As well as the main Burning Man there are now nearly 50 “Burns” – smaller events inspired by the spirit of Burning Man – held every year. Originally these only took place in the US and Canada, but you’ll now find them all over the planet, from AfrikaBurn in South Africa and Midburn in Israel, to Burning Seed in Australia and The Borderland in Scandinavia, which this year takes place on a UNESCO World Heritage site on the Danish coast.
That now-global Burning Man spirit is underpinned by ten principles:
- Radical inclusion.
- Gifting.
- Decommodification.
- Radical self-reliance.
- Radical self expression.
- Communal effort.
- Civic responsibility.
- Leaving no trace.
- Participation.
- Immediacy.
Out of that list, the “gifting” one is probably the most radical and – to someone who’s never been to a Burn before – the hardest to get your head around.

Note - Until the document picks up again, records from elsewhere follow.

(* Let $n\ge1$ and let $\mathbf s=(s_1,\dots,s_n)\in\mathbb C^n$ be typical, i.e. $s_i+s_j\neq0$ for all $i\neq j$. Then the restriction of $V(\mathbf s)$ to $W^n$ is a simple $W^n$-module.
   Context: $U(\mathfrak h_n)$ is the associative superalgebra generated by odd elements $\xi_1,\dots,\xi_n$ with $\xi_i\xi_j+\xi_j\xi_i=0$ for $i\neq j$, and $x_i=\xi_i^2$ (central); it is the enveloping algebra of the Cartan subalgebra of the queer Lie superalgebra $Q(n)$. $W^n\subset U(\mathfrak h_n)$ is the finite $W$-algebra of $Q(n)$ for the principal even nilpotent element, realized in $U(\mathfrak h_n)$ via the injective Harish-Chandra homomorphism; concretely it is the subalgebra generated by $u_k(0),u_k(1)$ ($1\le k\le n$), the even and odd parts of $\sum_{1\le i_1<\dots<i_k\le n}\prod_{j=1}^{k}(x_{i_j}+(-1)^{k-j}\xi_{i_j})$ (ordered product). For $\mathbf s\in\mathbb C^n$, $V(\mathbf s)$ is a simple $\mathbb Z_2$-graded $U(\mathfrak h_n)$-module on which each $x_i$ acts by the scalar $s_i$; it exists and is unique up to isomorphism and parity change. *)

theory Defs
  imports Complex_Main
begin

definition is_grading :: "(complex \<Rightarrow> 'v::ab_group_add \<Rightarrow> 'v) \<Rightarrow> 'v set \<Rightarrow> 'v set \<Rightarrow> bool" where
  "is_grading sc V0 V1 \<longleftrightarrow> module.subspace sc V0 \<and> module.subspace sc V1 \<and>
     (\<forall>v. \<exists>!p. fst p \<in> V0 \<and> snd p \<in> V1 \<and> v = fst p + snd p)"

definition graded_subspace :: "(complex \<Rightarrow> 'v::ab_group_add \<Rightarrow> 'v) \<Rightarrow> 'v set \<Rightarrow> 'v set \<Rightarrow> 'v set \<Rightarrow> bool" where
  "graded_subspace sc V0 V1 W \<longleftrightarrow> module.subspace sc W \<and>
     (\<forall>w\<in>W. \<exists>a b. a \<in> V0 \<inter> W \<and> b \<in> V1 \<inter> W \<and> w = a + b)"

text \<open>The (unital, associative) algebra of operators generated by a set G of operators;
  this is the image in End(V) of the algebra generated by elements acting as G.\<close>
inductive_set op_alg :: "(complex \<Rightarrow> 'v::ab_group_add \<Rightarrow> 'v) \<Rightarrow> ('v \<Rightarrow> 'v) set \<Rightarrow> ('v \<Rightarrow> 'v) set"
  for sc G where
  op_alg_id: "id \<in> op_alg sc G"
| op_alg_gen: "g \<in> G \<Longrightarrow> g \<in> op_alg sc G"
| op_alg_add: "S \<in> op_alg sc G \<Longrightarrow> T \<in> op_alg sc G \<Longrightarrow> (\<lambda>v. S v + T v) \<in> op_alg sc G"
| op_alg_scale: "T \<in> op_alg sc G \<Longrightarrow> (\<lambda>v. sc c (T v)) \<in> op_alg sc G"
| op_alg_comp: "S \<in> op_alg sc G \<Longrightarrow> T \<in> op_alg sc G \<Longrightarrow> S \<circ> T \<in> op_alg sc G"

definition simple_graded :: "(complex \<Rightarrow> 'v::ab_group_add \<Rightarrow> 'v) \<Rightarrow> 'v set \<Rightarrow> 'v set \<Rightarrow> ('v \<Rightarrow> 'v) set \<Rightarrow> bool" where
  "simple_graded sc V0 V1 G \<longleftrightarrow> (UNIV :: 'v set) \<noteq> {0} \<and>
     (\<forall>W. graded_subspace sc V0 V1 W \<and> (\<forall>T\<in>op_alg sc G. \<forall>w\<in>W. T w \<in> W)
          \<longrightarrow> W = {0} \<or> W = UNIV)"

text \<open>A Z2-graded U(h_n)-module: the generators xi_1..xi_n (indices 0..n-1 here) act by
  odd linear operators Xi i satisfying Xi i Xi j + Xi j Xi i = 0 for i \<noteq> j.
  (Centrality of x_i = xi_i^2 follows from these relations.)\<close>
definition Uh_module :: "(complex \<Rightarrow> 'v::ab_group_add \<Rightarrow> 'v) \<Rightarrow> 'v set \<Rightarrow> 'v set \<Rightarrow> nat \<Rightarrow> (nat \<Rightarrow> 'v \<Rightarrow> 'v) \<Rightarrow> bool" where
  "Uh_module sc V0 V1 n Xi \<longleftrightarrow> vector_space sc \<and> is_grading sc V0 V1 \<and>
     (\<forall>i<n. Vector_Spaces.linear sc sc (Xi i) \<and> Xi i ` V0 \<subseteq> V1 \<and> Xi i ` V1 \<subseteq> V0) \<and>
     (\<forall>i<n. \<forall>j<n. i \<noteq> j \<longrightarrow> (\<forall>v. Xi i (Xi j v) + Xi j (Xi i v) = 0))"

text \<open>Ordered product prod_{j=1}^k (x_{i_j} + t (-1)^(k-j) xi_{i_j}) acting on V,
  for the list [i_1,...,i_k]; t = 1 gives the element itself, t = -1 its image under
  the parity automorphism xi \<mapsto> -xi.\<close>
fun ord_prod :: "(complex \<Rightarrow> 'v::ab_group_add \<Rightarrow> 'v) \<Rightarrow> (nat \<Rightarrow> 'v \<Rightarrow> 'v) \<Rightarrow> complex \<Rightarrow> nat list \<Rightarrow> 'v \<Rightarrow> 'v" where
  "ord_prod sc Xi t [] = id"
| "ord_prod sc Xi t (i # is) =
     (\<lambda>v. Xi i (Xi i v) + sc (t * (-1) ^ length is) (Xi i v)) \<circ> ord_prod sc Xi t is"

text \<open>Action of u_k (t = 1), resp. its parity-twisted version (t = -1):
  sum over i_1 < ... < i_k in {1..n}.\<close>
definition u_op :: "(complex \<Rightarrow> 'v::ab_group_add \<Rightarrow> 'v) \<Rightarrow> (nat \<Rightarrow> 'v \<Rightarrow> 'v) \<Rightarrow> nat \<Rightarrow> nat \<Rightarrow> complex \<Rightarrow> 'v \<Rightarrow> 'v" where
  "u_op sc Xi n k t = (\<lambda>v. \<Sum>S\<in>{S. S \<subseteq> {..<n} \<and> card S = k}. ord_prod sc Xi t (sorted_list_of_set S) v)"

text \<open>Actions of the even part u_k(0) and odd part u_k(1) of u_k.\<close>
definition u_even :: "(complex \<Rightarrow> 'v::ab_group_add \<Rightarrow> 'v) \<Rightarrow> (nat \<Rightarrow> 'v \<Rightarrow> 'v) \<Rightarrow> nat \<Rightarrow> nat \<Rightarrow> 'v \<Rightarrow> 'v" where
  "u_even sc Xi n k = (\<lambda>v. sc (1/2) (u_op sc Xi n k 1 v + u_op sc Xi n k (-1) v))"

definition u_odd :: "(complex \<Rightarrow> 'v::ab_group_add \<Rightarrow> 'v) \<Rightarrow> (nat \<Rightarrow> 'v \<Rightarrow> 'v) \<Rightarrow> nat \<Rightarrow> nat \<Rightarrow> 'v \<Rightarrow> 'v" where
  "u_odd sc Xi n k = (\<lambda>v. sc (1/2) (u_op sc Xi n k 1 v - u_op sc Xi n k (-1) v))"

definition W_gens :: "(complex \<Rightarrow> 'v::ab_group_add \<Rightarrow> 'v) \<Rightarrow> (nat \<Rightarrow> 'v \<Rightarrow> 'v) \<Rightarrow> nat \<Rightarrow> ('v \<Rightarrow> 'v) set" where
  "W_gens sc Xi n = {u_even sc Xi n k | k. 1 \<le> k \<and> k \<le> n} \<union> {u_odd sc Xi n k | k. 1 \<le> k \<and> k \<le> n}"

definition typical :: "nat \<Rightarrow> (nat \<Rightarrow> complex) \<Rightarrow> bool" where
  "typical n s \<longleftrightarrow> (\<forall>i<n. \<forall>j<n. i \<noteq> j \<longrightarrow> s i + s j \<noteq> 0)"

end

theory Submission
  imports Defs "HOL-Library.Function_Algebras" "HOL-Library.Indicator_Function"
begin

(*
  The operator algebra generated by W^n contains u_1(1) = sum_i xi_i and, up to a
  scalar, Q = sum_{i<j} xi_i xi_j (from u_2(0)). The commutator of Q with
  sum_k c_k xi_k is 2 sum_i (G c)_i xi_i, where (G c)_i = sum_k s_k c_k sgn(k - i).
  So the coefficient vectors c whose combination lies in that algebra form a
  G-stable subspace K containing (1, ..., 1).

  Typicality makes (1, ..., 1) a cyclic vector of G. Let h_m = e_0 + ... + e_{m-1}
  and K_j = K + span {h_m | m < j}; then K_n contains every h_m and K_1 = K. Each K_j
  is G-stable and G - s_{j-1} maps K_{j+1} into K_j; applied to e_k this gives
  (s_{j-1} + s_k) h_k in K_j + C h_{k+1}, so descending from h_n all h_k lie in K_j.
  Hence every xi_k lies in the algebra generated by W^n, which therefore has the
  same graded submodules of V(s) as U(h_n).
*)

lemma op_alg_subset:
  assumes "G \<subseteq> op_alg sc H"
  shows "op_alg sc G \<subseteq> op_alg sc H"
proof
  fix T assume "T \<in> op_alg sc G"
  then show "T \<in> op_alg sc H"
    by induction (use assms in \<open>blast intro: op_alg.intros\<close>)+
qed

lemma simple_graded_op_alg_mono:
  assumes "simple_graded sc V0 V1 G" and "G \<subseteq> op_alg sc H"
  shows "simple_graded sc V0 V1 H"
  using assms op_alg_subset[OF assms(2)] unfolding simple_graded_def by blast

lemma op_alg_zero:
  assumes "module sc"
  shows "(\<lambda>v. 0) \<in> op_alg sc G"
proof -
  have "(\<lambda>v. sc 0 (id v)) \<in> op_alg sc G"
    by (rule op_alg_scale[OF op_alg_id])
  also have "(\<lambda>v. sc 0 (id v)) = (\<lambda>v. 0)"
    using module.scale_zero_left[OF assms] by simp
  finally show ?thesis .
qed

lemma op_alg_diff:
  assumes "module sc" and "S \<in> op_alg sc G" and "T \<in> op_alg sc G"
  shows "(\<lambda>v. S v - T v) \<in> op_alg sc G"
  using op_alg_add[OF assms(2) op_alg_scale[OF assms(3), of "-1"]]
  by (simp add: module.scale_minus_left[OF assms(1)] module.scale_one[OF assms(1)])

Essentially: money is worth nothing. Everyone gives each other everything, and it’s all in the spirit of gifting, not trading. Drink, drugs, food, hugs: the idea is that giving and receiving all of those things will make you love everyone around you. And, from my experience, that idea usually works out. When I went to Nowhere, a Burn in the Spanish bushland between Barcelona and Zaragoza, I thought the gifting principle wasn’t really going to to be adhered to: that it was a neat marketing ploy, but that there would be a black market of dodgy fags and shit drugs. There wasn’t.
However, considering most non-Burn events need to actually make some money, it makes sense that it’s the principles of radical inclusion, radical self-expression and participation that we’re seeing most replicated elsewhere.
“Festivals in general have become more participatory, immersive and interactive, with more of an emphasis on the overall experience as the selling point,” says Paul Reed of the Association of Independent Festivals. “Our audience research supports this: in 2014, 58 percent of people surveyed said that the main reason for purchasing a festival ticket was the overall atmosphere and experience – less than 7 percent said headline acts.”
This is part of a wider cultural shift outside of just music festivals, with film events like Secret Cinema and theatre production companies like Punchdrunk offering a sense of exploration and unpredictability. Festivals offer the ultimate departure from reality, especially when they take place in a scorched desert, everyone’s dressed like Mad Max characters and people are literally handing you drugs for free.
Fellows, of Secret Garden Party, agrees that the immersive aspect of events inspired by Burning Man is a way of moving the festival game forward. “I think that one of the spaces that isn’t so occupied by the bigger festivals with larger bands is the experiential,” he says. “There is a desire to move from just being happy being a spectator to wanting more.”
It’s not enough to just be able to watch the action; you need to be the action – whether that means linking your nipple ring to someone else’s and performing a tandem piece of interpretive dance, or just wearing a stupid outfit and getting your picture taken by a photographer there for that Sunday’s supplement spreads.
Burning Man has been setting annual artistic themes since the 1990s – this year’s is “Da Vinci’s Workshop” – and, closer to home, Secret Garden Party and Bestival have followed tradition, applying a central theme each year that guides the respective festival’s artistic direction and promotion. Last year, Rob Da Bank’s Isle of Wight weekender asked attendees to come in outfits inspired by the Summer of Love; this year, it’s “The Future”.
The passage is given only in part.